The Sepilok Orangutan Sanctuary near Sandakan is a must-see as visitors can get relatively close to orphaned and rescued orangutans. Feeding times are 10am and 2.30pm.
Many visitors take river cruises down the Kinabatangan River between Sandakan and Sukau, where they’ve a good chance of spotting proboscis monkeys, pygmy elephants, macaques and hornbills.
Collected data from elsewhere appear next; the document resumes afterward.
(* Let $\varphi:\mathcal X\to\mathbb C^N$ be continuous and let $n=\dim_{\mathbb C}\mathcal V_{\mathrm{lin}}$, where $\mathcal V_{\mathrm{lin}}=\mathrm{Span}_{\mathbb C}\{\varphi(x)\varphi(x)^*:x\in\mathcal X\}\subseteq\mathbb C^{N\times N}$. Then there exists a point $z\in\mathcal X$ depending only on $\varphi$ such that the function $f:\mathcal X\to\mathbb R$, $f(x)=\sum_{i=1}^d\cos(2\pi(x_i-z_i))$, satisfies \[|L^{\mathrm{OPT}}_g(U)-L_{\beta f}(U)|\ge\log\Big(\frac{\beta^{d/2}}{2n+1}\Big)-\|g-\beta f\|_\infty\] for every model $g(x)=\varphi(x)^*H\varphi(x)$ with $H$ a Hermitian $N\times N$ matrix and every $\beta>0$, where $U$ denotes the uniform distribution on $\mathcal X$.
   Context: $\mathcal X=[0,1]^d$. $\mathcal P(\mathcal X)$ is the set of probability measures on $\mathcal X$. For a measurable bounded $h:\mathcal X\to\mathbb R$ and $Q\in\mathcal P(\mathcal X)$, $L_h(Q)=\log\int_{\mathcal X}e^{h(x)}\,dQ(x)$. For $P\in\mathcal P(\mathcal X)$, the moment matrix is $\Sigma_P=\int_{\mathcal X}\varphi(x)\varphi(x)^*\,dP(x)$. With $D_{\mathrm{KL}}(P\|Q)=\int\log(dP/dQ)\,dP$, define $D^{\mathrm{OPT}}_{\mathrm{KL}}(\Sigma_P\|\Sigma_Q)=\inf\{D_{\mathrm{KL}}(\tilde P\|\tilde Q):\tilde P,\tilde Q\in\mathcal P(\mathcal X),\ \Sigma_{\tilde P}=\Sigma_P,\ \Sigma_{\tilde Q}=\Sigma_Q\}$, and $L^{\mathrm{OPT}}_g(Q)=\sup_{P\in\mathcal P(\mathcal X)}\big(\int_{\mathcal X}g\,dP-D^{\mathrm{OPT}}_{\mathrm{KL}}(\Sigma_P\|\Sigma_Q)\big)$. *)

theory Defs
  imports "HOL-Probability.Probability"
begin

definition cube :: "(real^'d) set" where
  "cube = {x. \<forall>i. 0 \<le> x $ i \<and> x $ i \<le> 1}"

definition prob_measures :: "(real^'d) measure set" where
  "prob_measures = {P. sets P = sets (restrict_space borel cube) \<and> prob_space P}"

definition unif :: "(real^'d) measure" where
  "unif = restrict_space lborel cube"

definition Lh :: "(real^'d \<Rightarrow> real) \<Rightarrow> (real^'d) measure \<Rightarrow> real" where
  "Lh h Q = ln (\<integral>x. exp (h x) \<partial>Q)"

definition moment :: "(real^'d \<Rightarrow> complex^'n) \<Rightarrow> (real^'d) measure \<Rightarrow> complex^'n^'n" where
  "moment \<phi> P = (\<chi> i j. \<integral>x. \<phi> x $ i * cnj (\<phi> x $ j) \<partial>P)"

definition KL :: "'a measure \<Rightarrow> 'a measure \<Rightarrow> ereal" where
  "KL P Q = (if absolutely_continuous Q P \<and> integrable P (\<lambda>x. ln (enn2real (RN_deriv Q P x)))
             then ereal (\<integral>x. ln (enn2real (RN_deriv Q P x)) \<partial>P) else \<infinity>)"

definition KL_opt :: "(real^'d \<Rightarrow> complex^'n) \<Rightarrow> complex^'n^'n \<Rightarrow> complex^'n^'n \<Rightarrow> ereal" where
  "KL_opt \<phi> SP SQ = (INF PQ \<in> {(P', Q'). P' \<in> prob_measures \<and> Q' \<in> prob_measures \<and>
       moment \<phi> P' = SP \<and> moment \<phi> Q' = SQ}. KL (fst PQ) (snd PQ))"

definition L_opt :: "(real^'d \<Rightarrow> complex^'n) \<Rightarrow> (real^'d \<Rightarrow> real) \<Rightarrow> (real^'d) measure \<Rightarrow> ereal" where
  "L_opt \<phi> g Q = (SUP P \<in> prob_measures.
       ereal (\<integral>x. g x \<partial>P) - KL_opt \<phi> (moment \<phi> P) (moment \<phi> Q))"

text \<open>V_lin = complex span of the matrices phi(x) phi(x)^*, x in X; matrices in C^{N x N}
  are represented as vectors indexed by pairs of indices, so that vec.dim is the
  complex dimension.\<close>
definition Vlin_gen :: "(real^'d \<Rightarrow> complex^'n) \<Rightarrow> (complex^('n \<times> 'n)) set" where
  "Vlin_gen \<phi> = {(\<chi> ij. \<phi> x $ fst ij * cnj (\<phi> x $ snd ij)) | x. x \<in> cube}"

definition hermitian :: "complex^'n^'n \<Rightarrow> bool" where
  "hermitian H \<longleftrightarrow> (\<forall>i j. H $ i $ j = cnj (H $ j $ i))"

text \<open>The model g(x) = phi(x)^* H phi(x) (real-valued for Hermitian H).\<close>
definition model :: "(real^'d \<Rightarrow> complex^'n) \<Rightarrow> complex^'n^'n \<Rightarrow> real^'d \<Rightarrow> real" where
  "model \<phi> H x = Re (\<Sum>i\<in>UNIV. \<Sum>j\<in>UNIV. cnj (\<phi> x $ i) * H $ i $ j * \<phi> x $ j)"

end

theory Submission
  imports Defs
begin

(* The moment matrix of the uniform distribution U lies in the convex hull of the matrices
   phi(x) phi(x)^*, a set of real affine dimension at most 2n.  By Caratheodory it is the moment
   matrix of a discrete distribution Q with at most 2n + 1 atoms, one of which, z, has mass at
   least 1/(2n + 1).  The Dirac mass P at z has D_KL(P || Q) = - ln Q{z} <= ln (2n + 1), hence
   L^OPT_g(U) >= g(z) - ln (2n + 1) >= beta d - ||g - beta f||_oo - ln (2n + 1).  On the other
   side, f is maximal at z and cos (2 pi y) <= 1 - 8 y^2 on [-1/2, 1/2], so a Gaussian bound in
   each coordinate gives L_{beta f}(U) <= beta d - (d/2) ln beta. *)

lemma jordan_inequality:
  fixes x :: real
  assumes "0 \<le> x" "x \<le> pi / 2"
  shows "2 / pi * x \<le> sin x"
proof -
  have "convex_on {0..pi} (\<lambda>x. - sin x)"
    by (rule f''_ge0_imp_convex[where f'="\<lambda>x. - cos x" and f''="\<lambda>x. sin x"])
       (auto intro!: derivative_eq_intros simp: sin_ge_zero)
  moreover have "0 \<le> 2 / pi * x" "2 / pi * x \<le> 1"
    using assms pi_gt_zero by (auto simp: field_simps)
  ultimately have
    "- sin ((1 - 2 / pi * x) * 0 + 2 / pi * x * (pi / 2)) \<le> 2 / pi * x * - sin (pi / 2)"
    using convex_onD[of "{0..pi}" "\<lambda>x. - sin x" "2 / pi * x" 0 "pi / 2"] by simp
  then show ?thesis
    by simp
qed

lemma cos_two_pi_le_quadratic:
  fixes y :: real
  assumes "\<bar>y\<bar> \<le> 1 / 2"
  shows "cos (2 * pi * y) \<le> 1 - 8 * y\<^sup>2"
proof -
  have "2 / pi * (pi * \<bar>y\<bar>) \<le> sin (pi * \<bar>y\<bar>)"
    using assms by (intro jordan_inequality) auto
  then have "2 * \<bar>y\<bar> \<le> \<bar>sin (pi * y)\<bar>"
    by (cases "y \<ge> 0") (auto simp: sin_ge_zero)
  then have "(2 * y)\<^sup>2 \<le> (sin (pi * y))\<^sup>2"
    by (metis abs_le_square_iff abs_mult abs_numeral)
  moreover have "cos (2 * pi * y) = 1 - 2 * (sin (pi * y))\<^sup>2"
    using cos_double_sin[of "pi * y"] by (simp add: mult.assoc)
  ultimately show ?thesis
    by (simp add: power_mult_distrib)
qed

lemma nn_integral_gaussian:
  fixes b :: real
  assumes "b > 0"
  shows "(\<integral>\<^sup>+x. ennreal (exp (- b * x\<^sup>2)) \<partial>lborel) = ennreal (sqrt (pi / b))"
proof -
  define \<sigma> where "\<sigma> = 1 / sqrt (2 * b)"
  have "\<sigma> > 0" and variance: "2 * \<sigma>\<^sup>2 = 1 / b"
    using assms by (simp_all add: \<sigma>_def power_divide)
  then have "exp (- b * x\<^sup>2) = sqrt (pi / b) * normal_density 0 \<sigma> x" for x
    using assms by (simp add: normal_density_def variance real_sqrt_divide field_simps)
  then have "(\<integral>\<^sup>+x. ennreal (exp (- b * x\<^sup>2)) \<partial>lborel)
      = ennreal (sqrt (pi / b)) * (\<integral>\<^sup>+x. ennreal (normal_density 0 \<sigma> x) \<partial>lborel)"
    by (simp add: ennreal_mult'' nn_integral_cmult)
  also have "(\<integral>\<^sup>+x. ennreal (normal_density 0 \<sigma> x) \<partial>lborel) = 1"
    using \<open>\<sigma> > 0\<close> by (subst nn_integral_eq_integral)
      (auto simp: integrable_normal_density integral_normal_density)
  finally show ?thesis
    by simp
qed

lemma nn_integral_lborel_translate:
  fixes c :: "'a::euclidean_space"
  assumes "f \<in> borel_measurable borel"
  shows "(\<integral>\<^sup>+x. f (x + c) \<partial>lborel) = (\<integral>\<^sup>+x. f x \<partial>lborel)"
  using nn_integral_distr[of "(+) c" lborel borel f] assms
  by (simp add: lborel_distr_plus add.commute)

lemma nn_integral_periodic_interval:
  fixes F :: "real \<Rightarrow> ennreal"
  assumes [measurable]: "F \<in> borel_measurable borel"
    and periodic: "\<And>x. F (x + 1) = F x" and "\<bar>a - b\<bar> \<le> 1"
  shows "(\<integral>\<^sup>+x\<in>{a..<a + 1}. F x \<partial>lborel) = (\<integral>\<^sup>+x\<in>{b..<b + 1}. F x \<partial>lborel)"
proof -
  have shift: "(\<integral>\<^sup>+x\<in>{a..<a + 1}. F x \<partial>lborel) = (\<integral>\<^sup>+x\<in>{b..<b + 1}. F x \<partial>lborel)"
    if "b \<le> a" "a \<le> b + 1" for a b
  proof -
    \<comment> \<open>cut \<open>[a, a + 1)\<close> at \<open>b + 1\<close> and move the right piece back by one period
      onto \<open>[b, a)\<close>\<close>
    have "(\<integral>\<^sup>+x\<in>{b + 1..<a + 1}. F x \<partial>lborel)
        = (\<integral>\<^sup>+x. F (x + 1) * indicator {b + 1..<a + 1} (x + 1) \<partial>lborel)"
      by (rule nn_integral_lborel_translate[symmetric]) measurable
    also have "\<dots> = (\<integral>\<^sup>+x\<in>{b..<a}. F x \<partial>lborel)"
      by (simp add: periodic indicator_def)
    finally have wrap: "(\<integral>\<^sup>+x\<in>{b + 1..<a + 1}. F x \<partial>lborel) = (\<integral>\<^sup>+x\<in>{b..<a}. F x \<partial>lborel)" .
    have "(\<integral>\<^sup>+x\<in>{a..<a + 1}. F x \<partial>lborel)
        = (\<integral>\<^sup>+x. F x * indicator {a..<b + 1} x + F x * indicator {b + 1..<a + 1} x \<partial>lborel)"
      using that by (intro nn_integral_cong) (auto split: split_indicator)
    also have "\<dots> = (\<integral>\<^sup>+x\<in>{a..<b + 1}. F x \<partial>lborel) + (\<integral>\<^sup>+x\<in>{b..<a}. F x \<partial>lborel)"
      by (simp add: nn_integral_add wrap)
    also have "\<dots> = (\<integral>\<^sup>+x. F x * indicator {a..<b + 1} x + F x * indicator {b..<a} x \<partial>lborel)"
      by (simp add: nn_integral_add)
    also have "\<dots> = (\<integral>\<^sup>+x\<in>{b..<b + 1}. F x \<partial>lborel)"
      using that by (intro nn_integral_cong) (auto split: split_indicator)
    finally show ?thesis .
  qed
  show ?thesis
    using shift[of a b] shift[of b a] assms(3) by (cases "b \<le> a") auto
qed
Giant lilies in Sabah, Borneo
To be in with a good chance of seeing the apes in the wild, clients should visit the Danum Valley. The huge basin is a conservation area, and there’s a 40-metre-high canopy walkway through the trees, giving a bird’s-eye view of the wildlife, which also includes gibbons and even the rare clouded leopard. Tours are organised by the only resort, the Borneo Rainforest Lodge, which has comfortable chalets overlooking a river valley.
The Kinabalu National Park is 56 miles outside of the city, and is home to Mount Kinabalu. At 4,095 metres it is southeast Asia’s highest peak. The climb, which takes two days, isn’t for the faint-hearted.
Off Sabah’s coast are beautiful islands. Turtle Island, as Selingan is often known, is the hub of the ecotourism industry. Visitors go to the island in the afternoon, enjoy the beaches and then stay in basic accommodation overnight. Once night falls, tourists will be allowed to watch a hawksbill or green turtle laying its eggs.
Sipadan Island, a slim limestone pillar reaching 700 metres from the sea floor, is a diver’s paradise. Clients might see tens or even hundreds of turtles, barracuda, reef sharks and bumphead parrotfish.